▼▼▼

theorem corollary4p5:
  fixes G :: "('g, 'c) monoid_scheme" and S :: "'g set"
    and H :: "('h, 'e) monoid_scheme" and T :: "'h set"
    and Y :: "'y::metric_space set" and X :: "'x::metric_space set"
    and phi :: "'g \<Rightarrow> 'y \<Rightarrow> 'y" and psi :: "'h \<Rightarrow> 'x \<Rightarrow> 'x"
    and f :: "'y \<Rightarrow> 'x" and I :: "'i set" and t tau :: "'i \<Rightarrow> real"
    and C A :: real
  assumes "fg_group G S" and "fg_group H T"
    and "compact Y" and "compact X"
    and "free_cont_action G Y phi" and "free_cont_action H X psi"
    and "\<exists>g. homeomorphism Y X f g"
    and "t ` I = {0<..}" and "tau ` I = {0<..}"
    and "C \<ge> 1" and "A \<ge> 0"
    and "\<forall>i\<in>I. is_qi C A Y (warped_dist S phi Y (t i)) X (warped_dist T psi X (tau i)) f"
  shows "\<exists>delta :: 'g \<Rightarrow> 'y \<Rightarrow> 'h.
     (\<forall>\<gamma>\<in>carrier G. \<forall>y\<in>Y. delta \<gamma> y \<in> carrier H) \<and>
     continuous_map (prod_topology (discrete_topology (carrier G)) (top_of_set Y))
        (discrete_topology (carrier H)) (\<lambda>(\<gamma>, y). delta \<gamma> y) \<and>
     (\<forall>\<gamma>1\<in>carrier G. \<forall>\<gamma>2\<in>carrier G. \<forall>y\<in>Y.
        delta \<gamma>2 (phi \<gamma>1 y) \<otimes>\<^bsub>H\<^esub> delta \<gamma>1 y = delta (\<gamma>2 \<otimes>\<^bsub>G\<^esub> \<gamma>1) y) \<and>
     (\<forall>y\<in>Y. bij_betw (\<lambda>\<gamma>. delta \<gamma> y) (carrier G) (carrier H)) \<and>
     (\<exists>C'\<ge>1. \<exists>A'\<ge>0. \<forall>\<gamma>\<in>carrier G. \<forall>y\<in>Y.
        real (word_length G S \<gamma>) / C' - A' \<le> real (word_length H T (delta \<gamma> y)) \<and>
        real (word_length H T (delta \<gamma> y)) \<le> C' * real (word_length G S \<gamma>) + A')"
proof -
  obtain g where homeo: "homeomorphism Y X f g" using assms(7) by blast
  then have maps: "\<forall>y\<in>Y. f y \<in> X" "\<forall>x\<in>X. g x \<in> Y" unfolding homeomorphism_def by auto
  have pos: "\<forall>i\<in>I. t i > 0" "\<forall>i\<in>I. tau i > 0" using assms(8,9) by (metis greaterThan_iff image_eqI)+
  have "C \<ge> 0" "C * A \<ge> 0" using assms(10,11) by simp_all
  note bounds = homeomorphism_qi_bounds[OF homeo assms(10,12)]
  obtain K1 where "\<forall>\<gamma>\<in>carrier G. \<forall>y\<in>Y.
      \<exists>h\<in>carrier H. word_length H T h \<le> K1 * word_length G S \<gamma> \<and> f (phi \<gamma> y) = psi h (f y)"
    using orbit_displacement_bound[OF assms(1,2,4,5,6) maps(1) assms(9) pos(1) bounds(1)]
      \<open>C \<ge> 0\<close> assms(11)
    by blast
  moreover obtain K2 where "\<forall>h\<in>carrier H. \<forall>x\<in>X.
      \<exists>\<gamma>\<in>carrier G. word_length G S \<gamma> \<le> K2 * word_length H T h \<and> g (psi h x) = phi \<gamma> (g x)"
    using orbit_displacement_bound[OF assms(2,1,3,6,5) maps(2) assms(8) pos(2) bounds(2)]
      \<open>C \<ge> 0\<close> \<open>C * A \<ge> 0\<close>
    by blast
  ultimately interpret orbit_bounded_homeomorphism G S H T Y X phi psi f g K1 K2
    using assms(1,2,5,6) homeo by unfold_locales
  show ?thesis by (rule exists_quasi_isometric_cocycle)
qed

▲▲▲
▼▼▼

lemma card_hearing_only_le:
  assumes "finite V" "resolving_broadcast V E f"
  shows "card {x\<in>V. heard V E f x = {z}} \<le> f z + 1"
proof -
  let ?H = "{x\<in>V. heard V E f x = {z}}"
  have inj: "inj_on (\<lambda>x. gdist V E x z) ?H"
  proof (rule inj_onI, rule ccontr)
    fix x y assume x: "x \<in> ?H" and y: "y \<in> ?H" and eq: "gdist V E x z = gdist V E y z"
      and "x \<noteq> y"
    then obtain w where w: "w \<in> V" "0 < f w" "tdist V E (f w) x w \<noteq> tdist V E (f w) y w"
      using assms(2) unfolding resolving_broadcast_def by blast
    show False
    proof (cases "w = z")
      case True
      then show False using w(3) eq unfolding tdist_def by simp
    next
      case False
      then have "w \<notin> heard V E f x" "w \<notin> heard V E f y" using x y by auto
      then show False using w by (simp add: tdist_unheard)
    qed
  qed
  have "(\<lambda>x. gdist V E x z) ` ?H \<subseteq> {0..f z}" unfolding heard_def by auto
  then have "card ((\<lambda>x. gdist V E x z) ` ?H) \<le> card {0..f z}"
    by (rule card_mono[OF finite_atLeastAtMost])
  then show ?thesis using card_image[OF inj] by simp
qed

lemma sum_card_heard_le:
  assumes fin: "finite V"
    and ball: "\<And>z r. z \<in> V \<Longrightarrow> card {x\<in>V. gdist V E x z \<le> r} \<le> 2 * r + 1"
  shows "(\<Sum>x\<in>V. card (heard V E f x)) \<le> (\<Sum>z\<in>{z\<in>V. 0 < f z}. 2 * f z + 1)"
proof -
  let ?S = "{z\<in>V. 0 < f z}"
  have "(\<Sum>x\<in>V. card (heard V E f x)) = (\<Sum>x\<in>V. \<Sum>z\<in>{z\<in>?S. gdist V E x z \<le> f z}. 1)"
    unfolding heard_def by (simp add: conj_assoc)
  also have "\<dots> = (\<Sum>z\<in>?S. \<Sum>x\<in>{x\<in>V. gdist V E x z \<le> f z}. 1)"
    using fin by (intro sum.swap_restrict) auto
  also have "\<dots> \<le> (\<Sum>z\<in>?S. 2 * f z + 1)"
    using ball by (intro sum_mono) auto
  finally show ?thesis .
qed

▲▲▲

» **THE PROBLEM**: An exact copy of the lines above between the line holding "real (word_length G S \<gamma>) /" and the line holding "obtain K1 where", inclusive, is the whole answer.

» **SOLUTION FOR THIS EXERCISE**:
        real (word_length G S \<gamma>) / C' - A' \<le> real (word_length H T (delta \<gamma> y)) \<and>
        real (word_length H T (delta \<gamma> y)) \<le> C' * real (word_length G S \<gamma>) + A')"
proof -
  obtain g where homeo: "homeomorphism Y X f g" using assms(7) by blast
  then have maps: "\<forall>y\<in>Y. f y \<in> X" "\<forall>x\<in>X. g x \<in> Y" unfolding homeomorphism_def by auto
  have pos: "\<forall>i\<in>I. t i > 0" "\<forall>i\<in>I. tau i > 0" using assms(8,9) by (metis greaterThan_iff image_eqI)+
  have "C \<ge> 0" "C * A \<ge> 0" using assms(10,11) by simp_all
  note bounds = homeomorphism_qi_bounds[OF homeo assms(10,12)]
  obtain K1 where "\<forall>\<gamma>\<in>carrier G. \<forall>y\<in>Y.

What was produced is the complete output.